REQUIRED WORK: Once the line containing "k I \<longleftrightarrow>" is found in the entries below, reproduce it and every line after it, stopping at and including the line containing "(\<forall>xs \<in> lists_over I m. h"; reproduce nothing else, and keep each line exact.

-------

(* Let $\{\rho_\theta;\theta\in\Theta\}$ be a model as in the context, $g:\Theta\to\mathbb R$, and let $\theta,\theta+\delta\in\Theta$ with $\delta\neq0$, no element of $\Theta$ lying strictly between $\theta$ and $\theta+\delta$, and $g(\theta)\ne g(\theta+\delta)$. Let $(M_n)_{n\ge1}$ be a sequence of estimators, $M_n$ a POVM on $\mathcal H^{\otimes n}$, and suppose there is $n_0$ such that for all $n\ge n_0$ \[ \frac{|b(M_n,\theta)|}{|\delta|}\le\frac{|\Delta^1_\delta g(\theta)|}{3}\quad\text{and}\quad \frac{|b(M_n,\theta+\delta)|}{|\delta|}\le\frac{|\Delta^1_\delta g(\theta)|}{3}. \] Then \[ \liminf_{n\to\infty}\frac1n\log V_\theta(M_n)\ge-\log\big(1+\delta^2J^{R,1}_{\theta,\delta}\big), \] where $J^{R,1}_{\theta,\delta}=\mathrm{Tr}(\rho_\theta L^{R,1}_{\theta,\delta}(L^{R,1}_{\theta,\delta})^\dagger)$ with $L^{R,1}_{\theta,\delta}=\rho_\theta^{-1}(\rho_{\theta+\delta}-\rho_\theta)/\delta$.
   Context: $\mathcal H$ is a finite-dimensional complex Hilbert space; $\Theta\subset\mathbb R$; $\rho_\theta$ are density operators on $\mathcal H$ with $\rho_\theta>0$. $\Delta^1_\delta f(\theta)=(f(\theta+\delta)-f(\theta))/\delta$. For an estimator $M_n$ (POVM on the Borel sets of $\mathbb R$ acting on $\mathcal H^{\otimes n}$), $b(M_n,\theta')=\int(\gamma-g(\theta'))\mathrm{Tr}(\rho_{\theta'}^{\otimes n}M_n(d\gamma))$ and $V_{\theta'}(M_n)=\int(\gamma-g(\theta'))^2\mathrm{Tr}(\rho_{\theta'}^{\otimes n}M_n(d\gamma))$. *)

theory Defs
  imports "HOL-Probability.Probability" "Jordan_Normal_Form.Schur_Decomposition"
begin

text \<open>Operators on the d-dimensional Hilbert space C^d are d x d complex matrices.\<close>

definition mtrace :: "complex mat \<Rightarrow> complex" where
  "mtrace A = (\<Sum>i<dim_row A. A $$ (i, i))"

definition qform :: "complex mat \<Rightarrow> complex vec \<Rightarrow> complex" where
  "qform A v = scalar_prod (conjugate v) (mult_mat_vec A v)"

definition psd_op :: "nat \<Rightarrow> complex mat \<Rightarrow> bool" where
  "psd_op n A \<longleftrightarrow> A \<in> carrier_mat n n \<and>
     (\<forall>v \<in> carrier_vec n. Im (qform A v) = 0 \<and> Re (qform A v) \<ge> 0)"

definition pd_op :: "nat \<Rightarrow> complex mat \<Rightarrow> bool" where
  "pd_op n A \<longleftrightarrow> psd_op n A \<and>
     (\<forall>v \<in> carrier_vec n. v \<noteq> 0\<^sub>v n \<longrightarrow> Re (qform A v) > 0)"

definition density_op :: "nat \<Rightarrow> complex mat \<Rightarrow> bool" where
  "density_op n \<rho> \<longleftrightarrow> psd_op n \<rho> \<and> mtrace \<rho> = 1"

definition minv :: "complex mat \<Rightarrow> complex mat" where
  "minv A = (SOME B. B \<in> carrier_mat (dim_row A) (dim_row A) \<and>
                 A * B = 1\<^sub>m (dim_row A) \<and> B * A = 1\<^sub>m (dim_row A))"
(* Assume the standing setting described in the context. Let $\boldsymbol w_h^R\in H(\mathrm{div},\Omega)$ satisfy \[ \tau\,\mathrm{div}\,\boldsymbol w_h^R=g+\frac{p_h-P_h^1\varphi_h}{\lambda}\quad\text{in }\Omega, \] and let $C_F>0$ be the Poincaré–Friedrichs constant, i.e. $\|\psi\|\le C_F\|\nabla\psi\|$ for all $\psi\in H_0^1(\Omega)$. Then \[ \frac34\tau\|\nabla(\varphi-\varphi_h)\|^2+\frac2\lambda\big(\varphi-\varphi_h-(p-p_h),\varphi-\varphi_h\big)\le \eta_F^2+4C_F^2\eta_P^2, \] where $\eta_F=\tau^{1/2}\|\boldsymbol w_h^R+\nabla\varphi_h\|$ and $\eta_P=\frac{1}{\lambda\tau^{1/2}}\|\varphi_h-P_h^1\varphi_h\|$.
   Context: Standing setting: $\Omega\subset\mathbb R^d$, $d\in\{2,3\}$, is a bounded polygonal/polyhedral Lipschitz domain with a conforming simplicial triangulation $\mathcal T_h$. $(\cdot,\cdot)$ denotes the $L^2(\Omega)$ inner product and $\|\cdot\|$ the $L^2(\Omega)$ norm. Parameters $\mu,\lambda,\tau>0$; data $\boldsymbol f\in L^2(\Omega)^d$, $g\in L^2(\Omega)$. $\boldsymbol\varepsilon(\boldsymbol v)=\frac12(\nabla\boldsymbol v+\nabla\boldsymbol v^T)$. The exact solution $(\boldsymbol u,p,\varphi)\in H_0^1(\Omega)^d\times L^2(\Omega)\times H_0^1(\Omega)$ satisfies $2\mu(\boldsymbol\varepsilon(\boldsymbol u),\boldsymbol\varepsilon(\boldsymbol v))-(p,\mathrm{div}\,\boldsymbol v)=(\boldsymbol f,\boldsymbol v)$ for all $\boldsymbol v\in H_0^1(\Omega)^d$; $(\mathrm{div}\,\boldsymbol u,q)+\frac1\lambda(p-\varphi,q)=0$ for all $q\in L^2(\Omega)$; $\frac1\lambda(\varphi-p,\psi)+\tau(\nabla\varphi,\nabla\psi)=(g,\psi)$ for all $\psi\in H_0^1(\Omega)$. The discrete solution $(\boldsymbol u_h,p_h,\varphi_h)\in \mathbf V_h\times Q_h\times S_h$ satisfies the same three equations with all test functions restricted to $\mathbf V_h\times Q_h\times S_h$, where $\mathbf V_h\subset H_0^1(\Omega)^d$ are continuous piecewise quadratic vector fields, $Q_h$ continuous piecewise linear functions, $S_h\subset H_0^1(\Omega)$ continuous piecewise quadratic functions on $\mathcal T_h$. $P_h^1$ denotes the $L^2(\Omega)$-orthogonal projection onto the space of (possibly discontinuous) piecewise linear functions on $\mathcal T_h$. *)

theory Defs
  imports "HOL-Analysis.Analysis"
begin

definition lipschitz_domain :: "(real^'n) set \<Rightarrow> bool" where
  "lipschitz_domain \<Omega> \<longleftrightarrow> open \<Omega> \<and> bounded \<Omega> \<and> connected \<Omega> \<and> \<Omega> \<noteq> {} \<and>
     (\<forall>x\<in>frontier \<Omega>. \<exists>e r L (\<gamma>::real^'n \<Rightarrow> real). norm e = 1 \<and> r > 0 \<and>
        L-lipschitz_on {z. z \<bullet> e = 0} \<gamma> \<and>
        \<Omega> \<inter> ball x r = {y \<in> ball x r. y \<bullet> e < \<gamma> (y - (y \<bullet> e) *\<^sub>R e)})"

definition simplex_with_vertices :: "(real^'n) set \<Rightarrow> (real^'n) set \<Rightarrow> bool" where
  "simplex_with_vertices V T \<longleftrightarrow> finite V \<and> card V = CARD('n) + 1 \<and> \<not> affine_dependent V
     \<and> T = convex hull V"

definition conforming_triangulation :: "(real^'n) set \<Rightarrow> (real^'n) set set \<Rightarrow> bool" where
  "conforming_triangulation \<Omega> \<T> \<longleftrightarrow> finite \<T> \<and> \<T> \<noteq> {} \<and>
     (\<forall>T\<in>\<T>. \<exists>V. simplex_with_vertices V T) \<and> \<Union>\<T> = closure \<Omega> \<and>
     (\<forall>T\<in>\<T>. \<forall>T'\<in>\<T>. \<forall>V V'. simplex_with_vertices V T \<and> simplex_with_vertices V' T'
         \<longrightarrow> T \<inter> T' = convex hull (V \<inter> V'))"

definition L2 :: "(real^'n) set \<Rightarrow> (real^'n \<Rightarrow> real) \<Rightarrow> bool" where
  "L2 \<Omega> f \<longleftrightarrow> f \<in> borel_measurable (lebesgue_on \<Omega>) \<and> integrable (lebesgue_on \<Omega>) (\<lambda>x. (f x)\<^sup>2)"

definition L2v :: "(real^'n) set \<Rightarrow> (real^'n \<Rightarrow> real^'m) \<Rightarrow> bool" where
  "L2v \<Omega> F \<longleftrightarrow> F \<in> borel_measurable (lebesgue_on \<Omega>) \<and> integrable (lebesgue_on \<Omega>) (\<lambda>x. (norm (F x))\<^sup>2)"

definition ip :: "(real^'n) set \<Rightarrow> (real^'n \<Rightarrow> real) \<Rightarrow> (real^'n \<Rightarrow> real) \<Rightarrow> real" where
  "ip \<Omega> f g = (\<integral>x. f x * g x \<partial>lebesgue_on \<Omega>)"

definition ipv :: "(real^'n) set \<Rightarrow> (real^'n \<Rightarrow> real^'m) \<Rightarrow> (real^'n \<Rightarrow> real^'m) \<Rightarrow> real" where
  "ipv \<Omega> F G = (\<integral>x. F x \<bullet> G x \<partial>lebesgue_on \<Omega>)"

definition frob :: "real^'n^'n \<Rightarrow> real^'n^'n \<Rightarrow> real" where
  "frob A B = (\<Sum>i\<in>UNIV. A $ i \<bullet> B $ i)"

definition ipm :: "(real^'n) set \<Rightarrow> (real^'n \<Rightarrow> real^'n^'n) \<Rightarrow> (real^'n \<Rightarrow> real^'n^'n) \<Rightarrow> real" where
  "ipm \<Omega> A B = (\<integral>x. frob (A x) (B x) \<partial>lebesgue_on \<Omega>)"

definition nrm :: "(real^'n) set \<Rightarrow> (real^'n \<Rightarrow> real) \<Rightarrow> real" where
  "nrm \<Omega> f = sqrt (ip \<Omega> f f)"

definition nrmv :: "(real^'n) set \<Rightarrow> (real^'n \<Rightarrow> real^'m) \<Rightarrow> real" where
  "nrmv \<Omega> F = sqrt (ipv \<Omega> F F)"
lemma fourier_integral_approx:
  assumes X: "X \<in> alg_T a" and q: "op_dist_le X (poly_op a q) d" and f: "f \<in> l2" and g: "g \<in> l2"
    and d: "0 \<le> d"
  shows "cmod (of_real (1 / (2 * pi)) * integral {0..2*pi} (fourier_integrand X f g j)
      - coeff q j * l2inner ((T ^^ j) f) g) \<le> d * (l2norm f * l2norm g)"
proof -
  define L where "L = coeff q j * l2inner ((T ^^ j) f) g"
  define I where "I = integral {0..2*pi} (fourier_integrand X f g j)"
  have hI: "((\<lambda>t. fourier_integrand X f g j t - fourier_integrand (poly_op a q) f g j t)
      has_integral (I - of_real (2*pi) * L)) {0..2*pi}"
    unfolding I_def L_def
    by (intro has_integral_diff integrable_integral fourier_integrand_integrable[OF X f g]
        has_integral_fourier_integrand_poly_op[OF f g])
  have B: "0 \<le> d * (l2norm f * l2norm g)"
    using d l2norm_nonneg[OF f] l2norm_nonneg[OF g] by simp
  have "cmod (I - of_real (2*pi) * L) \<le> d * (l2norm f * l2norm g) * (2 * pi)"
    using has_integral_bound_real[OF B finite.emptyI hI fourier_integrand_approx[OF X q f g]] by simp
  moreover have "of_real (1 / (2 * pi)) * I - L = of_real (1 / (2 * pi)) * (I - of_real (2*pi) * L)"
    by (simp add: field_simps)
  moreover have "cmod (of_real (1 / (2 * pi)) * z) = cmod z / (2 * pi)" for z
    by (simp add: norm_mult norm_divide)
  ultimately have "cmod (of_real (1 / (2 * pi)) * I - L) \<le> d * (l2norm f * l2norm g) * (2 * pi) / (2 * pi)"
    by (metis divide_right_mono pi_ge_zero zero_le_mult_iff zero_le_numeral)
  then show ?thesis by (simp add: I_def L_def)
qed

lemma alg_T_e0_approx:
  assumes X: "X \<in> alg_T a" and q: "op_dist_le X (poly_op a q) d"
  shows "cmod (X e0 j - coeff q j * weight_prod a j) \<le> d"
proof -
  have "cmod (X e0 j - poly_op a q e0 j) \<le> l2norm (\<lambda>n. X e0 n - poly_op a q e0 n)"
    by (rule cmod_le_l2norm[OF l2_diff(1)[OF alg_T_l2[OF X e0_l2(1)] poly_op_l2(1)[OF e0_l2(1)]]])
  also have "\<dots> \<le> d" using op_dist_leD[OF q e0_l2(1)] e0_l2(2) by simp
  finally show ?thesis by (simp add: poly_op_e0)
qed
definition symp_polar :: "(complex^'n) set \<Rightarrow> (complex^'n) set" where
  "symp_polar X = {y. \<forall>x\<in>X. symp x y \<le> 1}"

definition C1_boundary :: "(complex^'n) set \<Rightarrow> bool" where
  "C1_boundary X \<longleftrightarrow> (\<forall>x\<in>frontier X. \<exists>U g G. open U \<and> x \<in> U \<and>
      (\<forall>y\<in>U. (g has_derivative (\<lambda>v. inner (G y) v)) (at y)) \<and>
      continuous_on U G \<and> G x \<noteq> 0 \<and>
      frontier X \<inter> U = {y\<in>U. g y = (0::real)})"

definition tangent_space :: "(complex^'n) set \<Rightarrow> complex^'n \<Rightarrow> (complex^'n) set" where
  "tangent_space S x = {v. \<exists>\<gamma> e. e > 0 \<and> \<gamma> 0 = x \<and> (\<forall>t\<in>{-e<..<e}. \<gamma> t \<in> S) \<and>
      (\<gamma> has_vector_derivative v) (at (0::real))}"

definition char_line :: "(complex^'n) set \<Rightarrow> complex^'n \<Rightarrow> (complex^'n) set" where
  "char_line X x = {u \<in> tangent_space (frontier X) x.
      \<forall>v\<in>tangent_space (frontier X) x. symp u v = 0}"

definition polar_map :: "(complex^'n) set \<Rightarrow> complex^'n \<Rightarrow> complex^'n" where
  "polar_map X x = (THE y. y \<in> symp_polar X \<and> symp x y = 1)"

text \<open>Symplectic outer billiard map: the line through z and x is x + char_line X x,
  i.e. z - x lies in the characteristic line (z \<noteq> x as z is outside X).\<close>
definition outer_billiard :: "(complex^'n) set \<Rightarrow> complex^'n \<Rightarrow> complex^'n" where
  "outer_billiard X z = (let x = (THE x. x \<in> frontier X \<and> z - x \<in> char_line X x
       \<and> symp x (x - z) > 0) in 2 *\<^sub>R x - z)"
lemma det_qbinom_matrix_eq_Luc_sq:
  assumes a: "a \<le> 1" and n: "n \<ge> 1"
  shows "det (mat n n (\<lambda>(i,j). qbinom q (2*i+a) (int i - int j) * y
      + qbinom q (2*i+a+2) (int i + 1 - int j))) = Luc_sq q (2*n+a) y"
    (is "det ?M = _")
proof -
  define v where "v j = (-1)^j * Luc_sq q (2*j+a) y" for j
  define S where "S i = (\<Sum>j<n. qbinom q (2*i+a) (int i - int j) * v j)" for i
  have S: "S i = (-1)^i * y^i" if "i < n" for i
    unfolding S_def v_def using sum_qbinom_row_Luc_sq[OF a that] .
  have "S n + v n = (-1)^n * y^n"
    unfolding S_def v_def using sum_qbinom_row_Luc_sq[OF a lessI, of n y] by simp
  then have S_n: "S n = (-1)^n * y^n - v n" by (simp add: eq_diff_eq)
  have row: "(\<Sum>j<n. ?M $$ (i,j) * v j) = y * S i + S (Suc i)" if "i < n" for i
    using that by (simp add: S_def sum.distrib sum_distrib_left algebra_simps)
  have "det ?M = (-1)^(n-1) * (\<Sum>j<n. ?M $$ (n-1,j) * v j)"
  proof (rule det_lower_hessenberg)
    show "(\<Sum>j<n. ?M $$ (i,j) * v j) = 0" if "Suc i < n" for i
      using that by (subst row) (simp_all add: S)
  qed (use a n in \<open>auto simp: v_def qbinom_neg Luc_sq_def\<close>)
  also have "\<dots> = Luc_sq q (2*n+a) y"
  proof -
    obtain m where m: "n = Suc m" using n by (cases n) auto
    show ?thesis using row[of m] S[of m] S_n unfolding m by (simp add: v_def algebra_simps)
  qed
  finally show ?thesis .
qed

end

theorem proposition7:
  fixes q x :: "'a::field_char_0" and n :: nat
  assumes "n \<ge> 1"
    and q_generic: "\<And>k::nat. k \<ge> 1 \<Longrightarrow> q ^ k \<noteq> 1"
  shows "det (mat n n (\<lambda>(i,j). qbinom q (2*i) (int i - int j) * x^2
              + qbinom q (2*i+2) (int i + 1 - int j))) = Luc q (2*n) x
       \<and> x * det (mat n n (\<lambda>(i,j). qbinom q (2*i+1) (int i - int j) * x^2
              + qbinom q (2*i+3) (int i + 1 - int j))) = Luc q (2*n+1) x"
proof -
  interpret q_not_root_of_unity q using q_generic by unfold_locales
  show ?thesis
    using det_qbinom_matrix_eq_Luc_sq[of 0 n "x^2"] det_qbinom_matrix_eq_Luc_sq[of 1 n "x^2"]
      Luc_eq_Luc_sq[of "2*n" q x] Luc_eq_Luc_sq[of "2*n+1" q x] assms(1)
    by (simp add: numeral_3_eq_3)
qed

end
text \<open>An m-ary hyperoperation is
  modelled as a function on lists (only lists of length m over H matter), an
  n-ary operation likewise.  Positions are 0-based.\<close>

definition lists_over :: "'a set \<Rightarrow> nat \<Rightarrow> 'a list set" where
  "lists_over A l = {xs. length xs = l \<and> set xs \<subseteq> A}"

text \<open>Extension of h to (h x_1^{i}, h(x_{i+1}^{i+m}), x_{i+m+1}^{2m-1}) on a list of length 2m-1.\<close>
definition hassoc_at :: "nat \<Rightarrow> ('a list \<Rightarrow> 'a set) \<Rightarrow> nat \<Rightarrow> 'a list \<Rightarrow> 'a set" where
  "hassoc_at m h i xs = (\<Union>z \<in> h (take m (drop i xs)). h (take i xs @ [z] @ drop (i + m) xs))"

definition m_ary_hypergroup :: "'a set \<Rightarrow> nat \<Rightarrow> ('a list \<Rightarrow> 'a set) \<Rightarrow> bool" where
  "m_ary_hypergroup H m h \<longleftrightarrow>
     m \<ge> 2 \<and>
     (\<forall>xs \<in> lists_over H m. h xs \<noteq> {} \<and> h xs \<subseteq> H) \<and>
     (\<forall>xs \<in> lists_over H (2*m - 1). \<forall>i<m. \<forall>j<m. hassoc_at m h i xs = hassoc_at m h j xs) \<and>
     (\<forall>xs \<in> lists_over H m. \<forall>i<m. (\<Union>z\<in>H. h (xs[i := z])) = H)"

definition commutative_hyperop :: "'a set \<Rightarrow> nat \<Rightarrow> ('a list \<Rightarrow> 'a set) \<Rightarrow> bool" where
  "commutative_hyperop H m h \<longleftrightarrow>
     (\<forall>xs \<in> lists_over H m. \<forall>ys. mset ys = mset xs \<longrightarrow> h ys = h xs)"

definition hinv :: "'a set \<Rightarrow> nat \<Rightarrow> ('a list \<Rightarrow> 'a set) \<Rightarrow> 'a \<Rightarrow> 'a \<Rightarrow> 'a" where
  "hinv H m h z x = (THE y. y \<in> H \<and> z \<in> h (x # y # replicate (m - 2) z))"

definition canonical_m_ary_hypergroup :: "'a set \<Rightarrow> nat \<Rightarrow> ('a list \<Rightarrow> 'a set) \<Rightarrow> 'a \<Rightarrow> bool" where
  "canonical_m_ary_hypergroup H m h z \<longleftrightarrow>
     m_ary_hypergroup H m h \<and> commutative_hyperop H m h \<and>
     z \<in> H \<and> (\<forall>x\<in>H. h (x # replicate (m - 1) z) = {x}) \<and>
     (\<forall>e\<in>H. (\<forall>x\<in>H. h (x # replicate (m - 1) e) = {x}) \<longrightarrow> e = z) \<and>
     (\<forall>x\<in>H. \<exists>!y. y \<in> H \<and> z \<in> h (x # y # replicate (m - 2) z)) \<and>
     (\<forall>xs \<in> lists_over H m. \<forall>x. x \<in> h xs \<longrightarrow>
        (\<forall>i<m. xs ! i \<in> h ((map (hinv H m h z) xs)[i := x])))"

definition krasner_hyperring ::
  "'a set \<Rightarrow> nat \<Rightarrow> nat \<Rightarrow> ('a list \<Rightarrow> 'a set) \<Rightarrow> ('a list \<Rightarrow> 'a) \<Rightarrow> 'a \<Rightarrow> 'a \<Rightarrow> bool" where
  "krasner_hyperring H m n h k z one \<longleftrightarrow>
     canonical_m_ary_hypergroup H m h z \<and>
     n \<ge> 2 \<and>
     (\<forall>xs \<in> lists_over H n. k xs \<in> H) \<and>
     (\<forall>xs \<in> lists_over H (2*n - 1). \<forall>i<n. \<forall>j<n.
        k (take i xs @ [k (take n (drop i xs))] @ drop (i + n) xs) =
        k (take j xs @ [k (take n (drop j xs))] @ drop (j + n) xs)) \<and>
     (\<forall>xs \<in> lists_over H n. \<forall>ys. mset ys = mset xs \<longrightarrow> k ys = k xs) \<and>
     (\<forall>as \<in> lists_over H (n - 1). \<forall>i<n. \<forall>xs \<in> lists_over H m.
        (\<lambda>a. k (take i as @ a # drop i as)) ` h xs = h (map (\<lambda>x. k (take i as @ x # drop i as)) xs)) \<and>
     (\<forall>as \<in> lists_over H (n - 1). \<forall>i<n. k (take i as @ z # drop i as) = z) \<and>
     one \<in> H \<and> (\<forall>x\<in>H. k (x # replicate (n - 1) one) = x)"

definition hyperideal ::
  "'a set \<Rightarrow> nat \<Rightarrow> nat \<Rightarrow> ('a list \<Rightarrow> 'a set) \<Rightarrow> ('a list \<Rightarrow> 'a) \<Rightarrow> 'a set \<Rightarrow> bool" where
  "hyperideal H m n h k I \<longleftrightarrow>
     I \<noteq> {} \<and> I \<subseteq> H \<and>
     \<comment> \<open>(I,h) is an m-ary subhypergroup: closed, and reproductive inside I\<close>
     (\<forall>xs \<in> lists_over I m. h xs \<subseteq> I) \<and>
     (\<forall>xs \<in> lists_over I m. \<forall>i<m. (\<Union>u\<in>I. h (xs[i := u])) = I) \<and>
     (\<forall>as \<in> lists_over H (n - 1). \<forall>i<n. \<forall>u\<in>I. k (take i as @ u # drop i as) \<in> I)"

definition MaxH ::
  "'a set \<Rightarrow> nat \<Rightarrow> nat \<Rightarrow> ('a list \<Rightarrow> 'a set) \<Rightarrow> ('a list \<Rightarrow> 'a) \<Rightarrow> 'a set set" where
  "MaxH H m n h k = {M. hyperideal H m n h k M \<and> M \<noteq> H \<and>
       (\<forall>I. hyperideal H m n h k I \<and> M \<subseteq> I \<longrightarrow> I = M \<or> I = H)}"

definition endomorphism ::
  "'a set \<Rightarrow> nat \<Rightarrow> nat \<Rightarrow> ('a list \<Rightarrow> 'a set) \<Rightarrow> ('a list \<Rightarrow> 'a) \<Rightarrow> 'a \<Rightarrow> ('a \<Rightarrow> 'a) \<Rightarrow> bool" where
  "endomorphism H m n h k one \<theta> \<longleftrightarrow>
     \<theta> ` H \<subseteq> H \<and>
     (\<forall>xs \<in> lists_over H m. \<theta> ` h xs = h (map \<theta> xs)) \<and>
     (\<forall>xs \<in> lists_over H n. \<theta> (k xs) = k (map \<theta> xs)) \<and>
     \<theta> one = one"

-------

OUTPUT:
  "hyperideal H m n h k I \<longleftrightarrow>
     I \<noteq> {} \<and> I \<subseteq> H \<and>
     \<comment> \<open>(I,h) is an m-ary subhypergroup: closed, and reproductive inside I\<close>
     (\<forall>xs \<in> lists_over I m. h xs \<subseteq> I) \<and>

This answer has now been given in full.